ASSIGNED TASK:
Exactly the lines starting at the line containing "by (intro msum_cong) (simp add: sandwich_msum[of" and ending at the line containing "case (Suc m)" are to be written out from the listing below, both included.

GIVEN DATA:
lemma linear_mat_map_weighted_kraus_adj:
  assumes K: "\<And>u. u \<in> I \<Longrightarrow> K u \<in> carrier_mat d d"
  shows "linear_mat_map d (weighted_kraus_adj d I K w)"
  unfolding linear_mat_map_def
proof (intro conjI ballI allI impI)
  fix X :: "complex mat" and c assume X: "X \<in> carrier_mat d d"
  have "weighted_kraus_adj d I K w (c \<cdot>\<^sub>m X) = msum d I (\<lambda>u. c \<cdot>\<^sub>m (w u \<cdot>\<^sub>m (adj (K u) * X * K u)))"
    unfolding weighted_kraus_adj_def using K X
    by (intro msum_cong) (simp add: sandwich_smult[of _ d] smult_smult_mat mult.commute)
  also have "\<dots> = c \<cdot>\<^sub>m weighted_kraus_adj d I K w X"
    unfolding weighted_kraus_adj_def using K X by (intro smult_msum[symmetric]) auto
  finally show "weighted_kraus_adj d I K w (c \<cdot>\<^sub>m X) = c \<cdot>\<^sub>m weighted_kraus_adj d I K w X" .
next
  fix J :: "nat set" and g :: "nat \<Rightarrow> complex mat" assume g: "\<forall>j\<in>J. g j \<in> carrier_mat d d"
  have "weighted_kraus_adj d I K w (msum d J g)
      = msum d I (\<lambda>u. msum d J (\<lambda>j. w u \<cdot>\<^sub>m (adj (K u) * g j * K u)))"
    unfolding weighted_kraus_adj_def using K g
    by (intro msum_cong) (simp add: sandwich_msum[of _ d] smult_msum)
  also have "\<dots> = msum d J (\<lambda>j. weighted_kraus_adj d I K w (g j))"
    unfolding weighted_kraus_adj_def by (rule msum_swap)
  finally show "weighted_kraus_adj d I K w (msum d J g) = msum d J (\<lambda>j. weighted_kraus_adj d I K w (g j))" .
qed (simp add: weighted_kraus_adj_def)

lemma linear_mat_map_funpow_eigen:
  fixes J :: "nat set"
  assumes L: "linear_mat_map d L"
    and Y: "\<And>j. j \<in> J \<Longrightarrow> Y j \<in> carrier_mat d d"
    and eig: "\<And>j. j \<in> J \<Longrightarrow> L (Y j) = lam j \<cdot>\<^sub>m Y j"
  shows "(L ^^ m) (msum d J (\<lambda>j. c j \<cdot>\<^sub>m Y j)) = msum d J (\<lambda>j. (c j * lam j ^ m) \<cdot>\<^sub>m Y j)"
proof (induction m)
  case (Suc m)
  have "(L ^^ Suc m) (msum d J (\<lambda>j. c j \<cdot>\<^sub>m Y j)) = msum d J (\<lambda>j. (c j * lam j ^ m) \<cdot>\<^sub>m L (Y j))"
    using Suc Y by (simp add: linear_mat_map_msum_smult[OF L])
  also have "\<dots> = msum d J (\<lambda>j. (c j * lam j ^ Suc m) \<cdot>\<^sub>m Y j)"
    using eig by (intro msum_cong) (simp add: smult_smult_mat mult_ac)
  finally show ?case .
qed simp

lemma mtrace_kraus_map_mult:
  assumes K: "\<And>u. u \<in> I \<Longrightarrow> K u \<in> carrier_mat d d"
    and X: "X \<in> carrier_mat d d" and B: "B \<in> carrier_mat d d"
  shows "mtrace (kraus_map d I K X * B) = mtrace (X * kraus_adj d I K B)"
proof -
  have "mtrace (kraus_map d I K X * B) = (\<Sum>u\<in>I. mtrace (K u * X * adj (K u) * B))"
    unfolding kraus_map_def using K X B by (simp add: mult_msum_right mtrace_msum[of _ _ d])
  also have "\<dots> = (\<Sum>u\<in>I. mtrace (X * (adj (K u) * B * K u)))"
    using K X B by (intro sum.cong refl mtrace_cycle) auto
  also have "\<dots> = mtrace (X * kraus_adj d I K B)"
    unfolding kraus_adj_def using K X B by (simp add: mult_msum_left mtrace_msum[of _ _ d])
  finally show ?thesis .
qed

lemma mtrace_hat_meas_adj_one:
  assumes ch: "is_channel d U Ob" and \<rho>: "\<rho> \<in> carrier_mat d d" "mtrace \<rho> = 1"
  shows "mtrace (\<rho> * hat_meas_adj d U Ob (meas_expect U Ob \<rho>) (1\<^sub>m d)) = 0"
proof -
  have Ob: "\<And>u. u \<in> U \<Longrightarrow> Ob u \<in> carrier_mat d d"
    using ch unfolding is_channel_def by auto
  define prob where "prob u = mtrace (\<rho> * (adj (Ob u) * Ob u))" for u
  have "mtrace (Ob u * \<rho> * adj (Ob u)) = prob u" if u: "u \<in> U" for u
    unfolding prob_def using Ob[OF u] \<rho>
    by (simp add: mtrace_mult_comm[of "Ob u * \<rho>" d "adj (Ob u)"] assoc_mult_mat_sq[of _ d]
        mtrace_mult_comm[of "Ob u" d])
  then have expect: "meas_expect U Ob \<rho> = (\<Sum>u\<in>U. complex_of_real u * prob u)"
    unfolding meas_expect_def by simp
  have "(\<Sum>u\<in>U. prob u) = mtrace (\<rho> * msum d U (\<lambda>u. adj (Ob u) * Ob u))"
    unfolding prob_def using Ob \<rho> by (simp add: mult_msum_left mtrace_msum[of _ _ d])
  also have "\<dots> = 1"
    using ch \<rho> unfolding is_channel_def by simp
  finally have total: "(\<Sum>u\<in>U. prob u) = 1" .
  have "mtrace (\<rho> * hat_meas_adj d U Ob (meas_expect U Ob \<rho>) (1\<^sub>m d))
      = (\<Sum>u\<in>U. (complex_of_real u - meas_expect U Ob \<rho>) * prob u)"
    unfolding hat_meas_adj_def prob_def using Ob \<rho>
    by (simp add: mtrace_mult_msum_smult[of _ d] right_mult_one_mat[of _ d d])
  also have "\<dots> = (\<Sum>u\<in>U. complex_of_real u * prob u) - meas_expect U Ob \<rho> * (\<Sum>u\<in>U. prob u)"
    by (simp add: algebra_simps sum_subtractf sum_distrib_right)
  also have "\<dots> = 0"
    using expect total by simp
  finally show ?thesis .
qed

RESPONSE:
    by (intro msum_cong) (simp add: sandwich_msum[of _ d] smult_msum)
  also have "\<dots> = msum d J (\<lambda>j. weighted_kraus_adj d I K w (g j))"
    unfolding weighted_kraus_adj_def by (rule msum_swap)
  finally show "weighted_kraus_adj d I K w (msum d J g) = msum d J (\<lambda>j. weighted_kraus_adj d I K w (g j))" .
qed (simp add: weighted_kraus_adj_def)

lemma linear_mat_map_funpow_eigen:
  fixes J :: "nat set"
  assumes L: "linear_mat_map d L"
    and Y: "\<And>j. j \<in> J \<Longrightarrow> Y j \<in> carrier_mat d d"
    and eig: "\<And>j. j \<in> J \<Longrightarrow> L (Y j) = lam j \<cdot>\<^sub>m Y j"
  shows "(L ^^ m) (msum d J (\<lambda>j. c j \<cdot>\<^sub>m Y j)) = msum d J (\<lambda>j. (c j * lam j ^ m) \<cdot>\<^sub>m Y j)"
proof (induction m)
  case (Suc m)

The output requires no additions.